In the first cohort of 91 patients with ATD due to SERPINC1 defects, the MS test demonstrated a diagnostic sensitivity of 100%, compared to 81.1% for functional activity assays overall and 56.8% for type II ATD. The test successfully identified type I and type II ATD, including heparin-binding site (HBS) mutations such as p.Pro73Leu (AT Basel), p.Leu131Phe (AT Budapest3), and p.Arg79His (AT Padua), which are often missed by activity-based assays. Additionally, in patients with borderline activity levels, the MS test correctly classified cases that would otherwise remain in a diagnostic “grey zone,” reducing the likelihood of misclassification. In a subgroup of 41 patients with congenital disorders of glycosylation, MS analysis revealed a significantly lower proportion of the α-AT proteoform (71.1% vs. 94.6% in controls). Further glycopeptide analysis identified altered glycosylation at N224, highlighting the test’s ability to detect glycosylation abnormalities that remain undetected in activity assays.

In the second cohort, the MS test successfully distinguished homozygous and heterozygous AT Budapest3 (ATBp3) carriers from healthy controls by detecting quantitative deficiencies and altered proteoform distribution. The GP-LGACN ratio, a key biomarker for ATBp3, was significantly lower in all ATBp3 patients, with values below a threshold of 0.82, enabling clear molecular differentiation.

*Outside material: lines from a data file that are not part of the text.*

(* Let $E$ be a congruence on $\overline{\boldsymbol{T}(X_1,\ldots,X_n)}$. If $\overline{\boldsymbol{T}(X_1,\ldots,X_n)}/E$ is not a semifield over $\boldsymbol{T}$, then $\boldsymbol{V}(E)=\varnothing$.
   Context: $\boldsymbol{T}=\mathbb{R}\cup\{-\infty\}$ with $a\oplus b=\max\{a,b\}$, $a\odot b=a+b$. $\overline{\boldsymbol{T}(X_1,\ldots,X_n)}$ is the semifield of fractions of the tropical polynomial function semiring (tropical polynomials modulo equality as functions $\boldsymbol{T}^n\to\boldsymbol{T}$); each element defines a function $\mathbb{R}^n\to\boldsymbol{T}$. A congruence is an equivalence relation compatible with both operations; $\boldsymbol{V}(E)=\{x\in\mathbb{R}^n\mid f(x)=g(x)\ \forall(f,g)\in E\}$. A semifield is a commutative semiring with $0\ne1$ whose nonzero elements are invertible; a semifield $S_2$ is a semifield over the semifield $S_1$ via a semiring homomorphism $S_1\to S_2$ if this homomorphism is injective; here the homomorphism is $\boldsymbol{T}\to\overline{\boldsymbol{T}(X_1,\ldots,X_n)}/E$ sending a constant to its class. *)

theory Defs
  imports "HOL-Analysis.Analysis"
begin

text \<open>The tropical semifield T = R with -infinity is modelled inside ereal
  (the value +infinity never occurs).
  Elements of the semifield of fractions of tropical polynomial functions are
  represented by the functions R^n -> T they define.\<close>

type_synonym 'n tfun = "real^'n \<Rightarrow> ereal"

definition tmono_val :: "real \<times> ('n::finite \<Rightarrow> nat) \<Rightarrow> real^'n \<Rightarrow> real" where
  "tmono_val m x = fst m + (\<Sum>i\<in>UNIV. real (snd m i) * x $ i)"

text \<open>Tropical polynomial function with a finite nonempty set of monomials with
  finite coefficients (i.e. a nonzero tropical polynomial), evaluated on R^n.\<close>
definition tpoly_val :: "(real \<times> ('n::finite \<Rightarrow> nat)) set \<Rightarrow> real^'n \<Rightarrow> real" where
  "tpoly_val P x = Max ((\<lambda>m. tmono_val m x) ` P)"

definition tfrac :: "'n::finite tfun set" where
  "tfrac = {\<lambda>x. -\<infinity>} \<union>
     {h. \<exists>P Q. finite P \<and> P \<noteq> {} \<and> finite Q \<and> Q \<noteq> {} \<and>
              h = (\<lambda>x. ereal (tpoly_val P x - tpoly_val Q x))}"

definition tadd :: "'n tfun \<Rightarrow> 'n tfun \<Rightarrow> 'n tfun" where
  "tadd f g = (\<lambda>x. max (f x) (g x))"

definition tmul :: "'n tfun \<Rightarrow> 'n tfun \<Rightarrow> 'n tfun" where
  "tmul f g = (\<lambda>x. f x + g x)"

definition tconst :: "ereal \<Rightarrow> 'n tfun" where
  "tconst c = (\<lambda>x. c)"

definition tcongruence :: "('n::finite tfun \<times> 'n tfun) set \<Rightarrow> bool" where
  "tcongruence E \<longleftrightarrow> equiv tfrac E \<and>
     (\<forall>f g f' g'. (f, g) \<in> E \<longrightarrow> (f', g') \<in> E \<longrightarrow>
        (tadd f f', tadd g g') \<in> E \<and> (tmul f f', tmul g g') \<in> E)"

text \<open>The quotient semifield / E is a semifield over T: it is a semifield
  (0 <> 1 and nonzero classes are invertible; commutative semiring structure is
  inherited from the congruence), and the map T -> quotient, c |-> class of the
  constant c, is injective.\<close>
definition semifield_over_T :: "('n::finite tfun \<times> 'n tfun) set \<Rightarrow> bool" where
  "semifield_over_T E \<longleftrightarrow>
     E `` {tconst (-\<infinity>)} \<noteq> E `` {tconst 0} \<and>
     (\<forall>f\<in>tfrac. E `` {f} \<noteq> E `` {tconst (-\<infinity>)} \<longrightarrow>
        (\<exists>g\<in>tfrac. E `` {tmul f g} = E `` {tconst 0})) \<and>
     inj_on (\<lambda>c. E `` {tconst c}) {c. c \<noteq> \<infinity>}"

definition tV :: "('n::finite tfun \<times> 'n tfun) set \<Rightarrow> (real^'n) set" where
  "tV E = {x. \<forall>(f, g)\<in>E. f x = g x}"

end

theory Submission
  imports Defs
begin

text \<open>Every nonzero element of the semifield of fractions is invertible, whatever the
  congruence; so the only way the quotient can fail to be a semifield over T is that
  the classes of the constants collapse. A point x of V(E) rules this out: related
  functions agree at x, and the constant c takes the value c there.\<close>

lemma tfrac_quotientI:
  assumes "finite P" "P \<noteq> {}" "finite Q" "Q \<noteq> {}"
  shows "(\<lambda>x. ereal (tpoly_val P x - tpoly_val Q x)) \<in> tfrac"
  using assms unfolding tfrac_def by blast

lemma tpoly_val_constant: "tpoly_val {(r, \<lambda>i. 0)} x = r"
  by (simp add: tpoly_val_def tmono_val_def)

lemma tconst_in_tfrac:
  assumes "c \<noteq> \<infinity>"
  shows "(tconst c :: 'n::finite tfun) \<in> tfrac"
proof (cases c)
  case (real r)
  have "tconst c = (\<lambda>x::real^'n. ereal (tpoly_val {(r, \<lambda>i. 0)} x - tpoly_val {(0, \<lambda>i. 0)} x))"
    by (simp add: tpoly_val_constant tconst_def real)
  also have "\<dots> \<in> tfrac"
    by (rule tfrac_quotientI) auto
  finally show ?thesis .
next
  case MInf
  then show ?thesis unfolding tfrac_def tconst_def by simp
qed (use assms in simp)

lemma tfrac_inverse:
  assumes "f \<in> tfrac" "f \<noteq> tconst (-\<infinity>)"
  shows "\<exists>g\<in>tfrac. tmul f g = tconst 0"
proof -
  obtain P Q where PQ: "finite P" "P \<noteq> {}" "finite Q" "Q \<noteq> {}"
    and f: "f = (\<lambda>x. ereal (tpoly_val P x - tpoly_val Q x))"
    using assms unfolding tfrac_def tconst_def by blast
  let ?g = "\<lambda>x. ereal (tpoly_val Q x - tpoly_val P x)"
  have "?g \<in> tfrac"
    using PQ by (intro tfrac_quotientI)
  moreover have "tmul f ?g = tconst 0"
    unfolding tmul_def tconst_def f by (simp add: zero_ereal_def)
  ultimately show ?thesis by blast
qed

lemma tV_related_eq:
  assumes "x \<in> tV E" "(f, g) \<in> E"
  shows "f x = g x"
  using assms unfolding tV_def by blast

lemma inj_on_tconst_class_if_tV_nonempty:
  assumes "equiv tfrac E" "x \<in> tV E"
  shows "inj_on (\<lambda>c. E `` {tconst c}) {c. c \<noteq> \<infinity>}"
proof (rule inj_onI)
  fix c d :: ereal
  assume "c \<in> {c. c \<noteq> \<infinity>}" and classes: "E `` {tconst c} = E `` {tconst d}"
  then have "tconst c \<in> tfrac"
    by (simp add: tconst_in_tfrac)
  then have "tconst c \<in> E `` {tconst c}"
    by (rule equiv_class_self[OF assms(1)])
  then have "(tconst d, tconst c) \<in> E"
    using classes by simp
  then have "tconst d x = tconst c x"
    by (rule tV_related_eq[OF assms(2)])
  then show "c = d"
    by (simp add: tconst_def)
qed

lemma semifield_over_T_if_tV_nonempty:
  assumes "equiv tfrac E" "x \<in> tV E"
  shows "semifield_over_T E"
proof -
  have inj: "inj_on (\<lambda>c. E `` {tconst c}) {c. c \<noteq> \<infinity>}"
    using assms by (rule inj_on_tconst_class_if_tV_nonempty)
  have "E `` {tconst (-\<infinity>)} \<noteq> E `` {tconst 0}"
  proof
    assume classes: "E `` {tconst (-\<infinity>)} = E `` {tconst 0}"
    have "(-\<infinity>) = (0::ereal)"
      by (rule inj_onD[OF inj]) (use classes in simp_all)
    then show False by simp
  qed
  moreover have "\<exists>g\<in>tfrac. E `` {tmul f g} = E `` {tconst 0}"
    if f: "f \<in> tfrac" and nonzero: "E `` {f} \<noteq> E `` {tconst (-\<infinity>)}" for f
  proof -
    have "f \<noteq> tconst (-\<infinity>)"
      using nonzero by auto
    then obtain g where "g \<in> tfrac" "tmul f g = tconst 0"
      using tfrac_inverse[OF f] by blast
    then show ?thesis
      by (intro bexI[of _ g]) simp_all
  qed
  ultimately show ?thesis
    using inj unfolding semifield_over_T_def by blast
qed

theorem lemma3p7:
  fixes E :: "('n::finite tfun \<times> 'n tfun) set"
  assumes "tcongruence E"
    and "\<not> semifield_over_T E"
  shows "tV E = {}"
proof -
  have "equiv tfrac E"
    using assms(1) unfolding tcongruence_def by simp
  then show ?thesis
    using assms(2) semifield_over_T_if_tV_nonempty by blast
qed

end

To confirm mutations in patients with AT deficiency, variant specific transitions were established for >20 mutations, including p.Val30Glu (AT Dublin), p.Arg45Trp, p.Pro73Leu (AT Basel), p.Leu131Phe (AT Budapest3), p.Arg177Cys, p.Arg425Cys.

CONCLUSION:
The developed next generation MS-based diagnostic AT test offers both qualitative and quantitative insights into AT proteoforms, refining the diagnostic landscape for ATD. Through molecular-level characterization, current limitations of activity assays are overcome, enabling personalized risk stratification and precision diagnostics in line with P5 medicine principles. The detection of clinically relevant AT variants and glycosylation abnormalities through the MS-based test is envisioned for use as an add-on tool in cases of diagnostic uncertainty. Future studies integrating clinical outcomes and our molecular data are necessary to optimize predictive and preventive strategies for ATD management. If successful, our precision lab-developed test promises to refine AT-diagnosis, alter the clinical pathway for antithrombin deficiency and consequently improve patient management.